Rute yang dilewati saat jalan santai yaitu dari madrasah ke arah barat menuju Desa Munggang, Kelurahan Kalibeber, dan menuju timur kembali ke arah madrasah melalui jalur alternatif kampung Jambean. Di tengah perjalanan panitia memberikan nomor dorprize kepada seluruh peserta jalan santai. Yang akan dibagi pada pentas seni tepat setelah jalan santai.
Pentas seni milad ke-48 ini dimeriahkan dengan penampilan band, rebana, tek-tek, dance, beatbox, seni bela diri dan kesenian yang lainya. Yang paling menarik dari pentas seni ini adalah seni bela diri yang ditampilkan oleh siswa madrasah yaitu Arifan dari siswa kelas XI dan Rubiyanto siswa kelas XII. Selain itu penampilan band dari beberapa group band siswa menambah meriahnya milad kali ini. Begitu meriahnya hingga membuat seluruh warga madrasah menikmati pentas seni yang di akhiri dengan tembang Dalan Anyar oleh Allysa salah satu penyanyi yang pernah mengharumkan nama madrasah ditingkat nasional.

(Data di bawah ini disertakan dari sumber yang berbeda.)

lemma has_bochner_integral_neg_ln_one_minus_powr:
  fixes c b :: real assumes c: "0 \<le> c" "c \<le> 1" and b: "b > 0"
  shows "has_bochner_integral lborel (\<lambda>v. indicator {0<..<1} v * - ln (1 - c * v powr (1/b)))
     (\<Sum>n. c ^ n * b / (real n * (real n + b)))"
proof (rule has_bochner_integral_nn_integral)
  have "0 \<le> indicator {0<..<1} v * - ln (1 - c * v powr (1/b))" for v :: real
  proof (cases "v \<in> {0<..<1}")
    case True
    then have "c * v powr (1/b) < 1"
      using b c by (intro mult_powr_less_one) auto
    then show ?thesis
      using True c by simp
  qed simp
  then show "AE v in lborel. 0 \<le> indicator {0<..<1} v * - ln (1 - c * v powr (1/b))"
    by simp
  show "0 \<le> (\<Sum>n. c ^ n * b / (real n * (real n + b)))"
    using c b by (intro suminf_nonneg summable_power_mult_div) auto
  show "(\<integral>\<^sup>+ v. ennreal (indicator {0<..<1} v * - ln (1 - c * v powr (1/b))) \<partial>lborel)
      = ennreal (\<Sum>n. c ^ n * b / (real n * (real n + b)))"
    by (rule nn_integral_neg_ln_one_minus_powr[OF c b])
qed measurable

lemma suminf_div_mult_eq_Digamma:
  fixes b :: real assumes b: "b > 0"
  shows "(\<Sum>n. b / (real n * (real n + b))) = Digamma (1 + b) + euler_mascheroni"
proof -
  have "summable (\<lambda>n. b / (real n * (real n + b)))"
    using summable_power_mult_div[of 1 b] b by simp
  from suminf_split_head[OF this]
  have "(\<Sum>n. b / (real n * (real n + b))) = (\<Sum>n. b / (real (Suc n) * (real (Suc n) + b)))"
    by simp
  also have "\<dots> = (\<Sum>n. inverse (of_nat (Suc n)) - inverse ((1 + b) + of_nat n))"
    using b by (intro suminf_cong) (auto simp: field_simps)
  also have "\<dots> = Digamma (1 + b) + euler_mascheroni"
    by (simp add: Digamma_def)
  finally show ?thesis .
qed

text \<open>The \<open>n = 0\<close> term of the left-hand series is \<open>0\<close> (division by zero), whereas the Lerch
  series starts with \<open>1 / b\<close>; hence the correction \<open>1 / b\<close>.\<close>

lemma suminf_power_mult_div_eq_lerch_phi:
  fixes z b :: real assumes z: "\<bar>z\<bar> < 1" and b: "b > 0"
  shows "(\<Sum>n. z ^ n * b / (real n * (real n + b))) = - ln (1 - z) - lerch_phi z 1 b + 1 / b"
proof -
  have "summable (\<lambda>n. z ^ n / (real n + b))"
  proof (rule summable_comparison_test')
    show "summable (\<lambda>n. \<bar>z\<bar> ^ n * (1 / b))"
      using z by (intro summable_mult2 summable_geometric) auto
    show "norm (z ^ n / (real n + b)) \<le> \<bar>z\<bar> ^ n * (1 / b)" for n
      using b by (auto simp: power_abs abs_mult intro!: divide_left_mono mult_pos_pos)
  qed
  then have "(\<lambda>n. z ^ n / (real n + b)) sums lerch_phi z 1 b"
    using b unfolding lerch_phi_def by (simp add: summable_sums)
  moreover have "(\<lambda>n. if n = 0 then 1 / b else 0) sums (1 / b)"
    using sums_single[of 0 "\<lambda>_. 1 / b"] by simp
  ultimately have "(\<lambda>n. z ^ n / real n - z ^ n / (real n + b) + (if n = 0 then 1 / b else 0))
      sums (- ln (1 - z) - lerch_phi z 1 b + 1 / b)"
    by (intro sums_add sums_diff sums_neg_ln_one_minus z)
  moreover have "z ^ n / real n - z ^ n / (real n + b) + (if n = 0 then 1 / b else 0)
      = z ^ n * b / (real n * (real n + b))" for n
    using b by (cases "n = 0") (auto simp: diff_frac_eq algebra_simps)
  ultimately show ?thesis
    by (simp add: sums_iff)
qed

Dalam merayakan hari jadi ini, kelas X mendapat tugas untuk mendirikan stand pada hari pertama perayaan. Dari masing-masing stand menyediakan berbagai macam barang dan kreasi. Diantaranya ada yang menjual makanan, minuman, kaos dan yang lainnya. Selama berjalannya acara pentas seni dan pembagian dorprize ada banyak peserta yang membeli berbagai macam barang yang dijual dalam stand. Bahkan ada beberapa stand yang sampai kehabisan stock.

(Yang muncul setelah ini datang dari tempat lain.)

(* Let $\Psi=\begin{bmatrix}\Psi_{11}&\Psi_{12}\\ \Psi_{12}^\top&\Psi_{22}\end{bmatrix}\in\mathbb{R}^{(p+q)\times(p+q)}$ be symmetric with $\Psi_{11}\in\mathbb{R}^{p\times p}$, $\Psi_{22}<0$ and $\Psi|\Psi_{22}:=\Psi_{11}-\Psi_{12}\Psi_{22}^{-1}\Psi_{12}^\top>0$, and let $\mathcal M:=\{Z\in\mathbb{R}^{p\times q}:\begin{bmatrix}I\\Z^\top\end{bmatrix}^\top\Psi\begin{bmatrix}I\\Z^\top\end{bmatrix}\ge0\}$. Let $V\in\mathbb{R}^{q\times\hat q}$ and $W\in\mathbb{R}^{p\times\hat p}$ have full column rank, with $\hat p\le p$, $\hat q\le q$, and define $\mathcal M_{V,W}:=\{W^\top ZV:Z\in\mathcal M\}$ and $$\Psi_{V,W}:=\begin{bmatrix} W^\top\big(\Psi|\Psi_{22}+\Psi_{12}\Psi_{22}^{-1}V(V^\top\Psi_{22}^{-1}V)^{-1}V^\top\Psi_{22}^{-1}\Psi_{12}^\top\big)W & W^\top\Psi_{12}\Psi_{22}^{-1}V(V^\top\Psi_{22}^{-1}V)^{-1}\\ (V^\top\Psi_{22}^{-1}V)^{-1}V^\top\Psi_{22}^{-1}\Psi_{12}^\top W&(V^\top\Psi_{22}^{-1}V)^{-1}\end{bmatrix}.$$ Then $$\mathcal M_{V,W}=\Big\{\hat Z\in\mathbb{R}^{\hat p\times\hat q}:\begin{bmatrix}I\\ \hat Z^\top\end{bmatrix}^\top\Psi_{V,W}\begin{bmatrix}I\\ \hat Z^\top\end{bmatrix}\ge0\Big\}.$$ *)

theory Defs
  imports "HOL-Analysis.Analysis"
begin

definition blk :: "real^'c1^'r1 \<Rightarrow> real^'c2^'r1 \<Rightarrow> real^'c1^'r2 \<Rightarrow> real^'c2^'r2
                    \<Rightarrow> real^('c1 + 'c2)^('r1 + 'r2)" where
  "blk A B C D = (\<chi> i j. case i of
       Inl r \<Rightarrow> (case j of Inl c \<Rightarrow> A $ r $ c | Inr c \<Rightarrow> B $ r $ c)
     | Inr r \<Rightarrow> (case j of Inl c \<Rightarrow> C $ r $ c | Inr c \<Rightarrow> D $ r $ c))"

definition vstack :: "real^'c^'r1 \<Rightarrow> real^'c^'r2 \<Rightarrow> real^'c^('r1 + 'r2)" where
  "vstack A B = (\<chi> i j. case i of Inl r \<Rightarrow> A $ r $ j | Inr r \<Rightarrow> B $ r $ j)"

definition psd :: "real^'n^'n \<Rightarrow> bool" where
  "psd A \<longleftrightarrow> transpose A = A \<and> (\<forall>x. 0 \<le> x \<bullet> (A *v x))"

definition posdef :: "real^'n^'n \<Rightarrow> bool" where
  "posdef A \<longleftrightarrow> transpose A = A \<and> (\<forall>x. x \<noteq> 0 \<longrightarrow> 0 < x \<bullet> (A *v x))"

definition negdef :: "real^'n^'n \<Rightarrow> bool" where
  "negdef A \<longleftrightarrow> transpose A = A \<and> (\<forall>x. x \<noteq> 0 \<longrightarrow> x \<bullet> (A *v x) < 0)"

definition qmi_set :: "real^('p + 'q)^('p + 'q) \<Rightarrow> (real^'q^'p) set" where
  "qmi_set Psi = {Z. psd (transpose (vstack (mat 1) (transpose Z)) ** Psi ** vstack (mat 1) (transpose Z))}"

end

theory Submission
  imports Defs
begin

text \<open>Completing the square, \<open>Z\<close> lies in \<open>\<M>\<close> iff \<open>X = Z + \<Psi>\<^sub>1\<^sub>2 \<Psi>\<^sub>2\<^sub>2\<^sup>-\<^sup>1\<close>
  satisfies \<open>P + X \<Psi>\<^sub>2\<^sub>2 X\<^sup>T \<ge> 0\<close>, where \<open>P = \<Psi>|\<Psi>\<^sub>2\<^sub>2\<close>. The matrix \<open>\<Psi>\<^sub>V\<^sub>,\<^sub>W\<close> is
  built so that its Schur complement is \<open>W\<^sup>T P W\<close>, its lower right block is
  \<open>(V\<^sup>T \<Psi>\<^sub>2\<^sub>2\<^sup>-\<^sup>1 V)\<^sup>-\<^sup>1\<close>, and the shift \<open>\<Psi>\<^sub>1\<^sub>2 \<Psi>\<^sub>2\<^sub>2\<^sup>-\<^sup>1\<close> turns into \<open>W\<^sup>T \<Psi>\<^sub>1\<^sub>2 \<Psi>\<^sub>2\<^sub>2\<^sup>-\<^sup>1 V\<close>. So it
  suffices that \<open>X \<mapsto> W\<^sup>T X V\<close> maps \<open>{X. P + X D X\<^sup>T \<ge> 0}\<close> onto
  \<open>{Y. W\<^sup>T P W + Y (V\<^sup>T D\<^sup>-\<^sup>1 V)\<^sup>-\<^sup>1 Y\<^sup>T \<ge> 0}\<close> whenever \<open>D < 0 < P\<close>. It maps into this set
  because \<open>u\<^sup>T D u \<le> (V\<^sup>T u)\<^sup>T (V\<^sup>T D\<^sup>-\<^sup>1 V)\<^sup>-\<^sup>1 (V\<^sup>T u)\<close>, and onto it by an explicit
  preimage, checked with the projection inequality
  \<open>(A\<^sup>T M x)\<^sup>T (A\<^sup>T M A)\<^sup>-\<^sup>1 (A\<^sup>T M x) \<le> x\<^sup>T M x\<close> for \<open>M \<ge> 0\<close>.\<close>

declare transpose_matrix_vector [simp del]

lemma matrix_add_rdistrib: "((A::'a::semiring_1^'n^'m) + B) ** C = A ** C + B ** C"
  by (vector matrix_matrix_mult_def sum.distrib[symmetric] field_simps)

lemma matrix_diff_ldistrib: "(A::'a::ring_1^'n^'m) ** (B - C) = A ** B - A ** C"
  by (vector matrix_matrix_mult_def sum_subtractf[symmetric] field_simps)

lemma matrix_diff_rdistrib: "((A::'a::ring_1^'n^'m) - B) ** C = A ** C - B ** C"
  by (vector matrix_matrix_mult_def sum_subtractf[symmetric] field_simps)

lemma matrix_mul_uminus_left: "(- (A::'a::ring_1^'n^'m)) ** B = - (A ** B)"
  by (vector matrix_matrix_mult_def sum_negf[symmetric])

lemma matrix_mul_uminus_right: "(A::'a::ring_1^'n^'m) ** (- B) = - (A ** B)"
  by (vector matrix_matrix_mult_def sum_negf[symmetric])

lemma matrix_vector_mult_uminus_left: "(- (A::'a::ring_1^'n^'m)) *v x = - (A *v x)"
  by (vector matrix_vector_mult_def sum_negf[symmetric])

lemma matrix_vector_mult_uminus_right: "(A::'a::ring_1^'n^'m) *v (- x) = - (A *v x)"
  by (vector matrix_vector_mult_def sum_negf[symmetric])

Hari ke-2 (1/4), dilanjutkan dengan acara pengajian bersama DR. K.H Asyhar Kholil, LC. Direktur Pascasarjana Universitas Sains Al-Quran (UNSIQ). Pengajian yang berlangsung di Masjid Umar bin Khattab juga diisi dengan motifasi, dan sesi tanya jawab. Banyak motifasi yang diberikan beliau, salah satunya adalah kita dituntut untuk menimba ilmu selama kita masih hidup. “jangan jadikan kemiskinan orang tuamu sebagai penghambat cita- citamu”. Tutur kata dari beliau memotivasi seluruh siswa dan siswi MA Negeri Kalibeber.
Memang MA Negeri Kalibeber baru merayakan hari jadinya yang Ke-2 kali. Meskipun demikan, kegiatan tahun ini tetep berjalan dengan lancar dan meriah berkat kerjasama seluruh civitas madrasah.
“Milad kali ini sangat menyenangkan, apalagi pentas seninya sangat menarik. Meskipun ada sedikit kendala tapi acaranya tetap meriah. Kami sebagai siswa berharap acara semacam ini mampu dilaksanakan rutin setiap tahunya” ujar Nur Masrochati, salah satu peserta milad.
Pada kesempatan lain, Kepala MA Negeri Kalibeber menyampaikan pesannya saat pembukaan acara ini “harapan saya setelah ada acara hari jadi ini bisa membangun karakter siswa dan meningkatkan solidaritas dan kerjasama antar siswa. Melalui acara-acara yang diadakan seperti pentas seni, siswa dapat menampilkan bakatnya. Semoga diusia ke 48 ini, madrasah semakin matang dan semakin maju, dan saya berharap acara hari jadi yang akan datang akan lebih baik”. Tambahnya dalam mengakhiri pidato. (Firda & Vina)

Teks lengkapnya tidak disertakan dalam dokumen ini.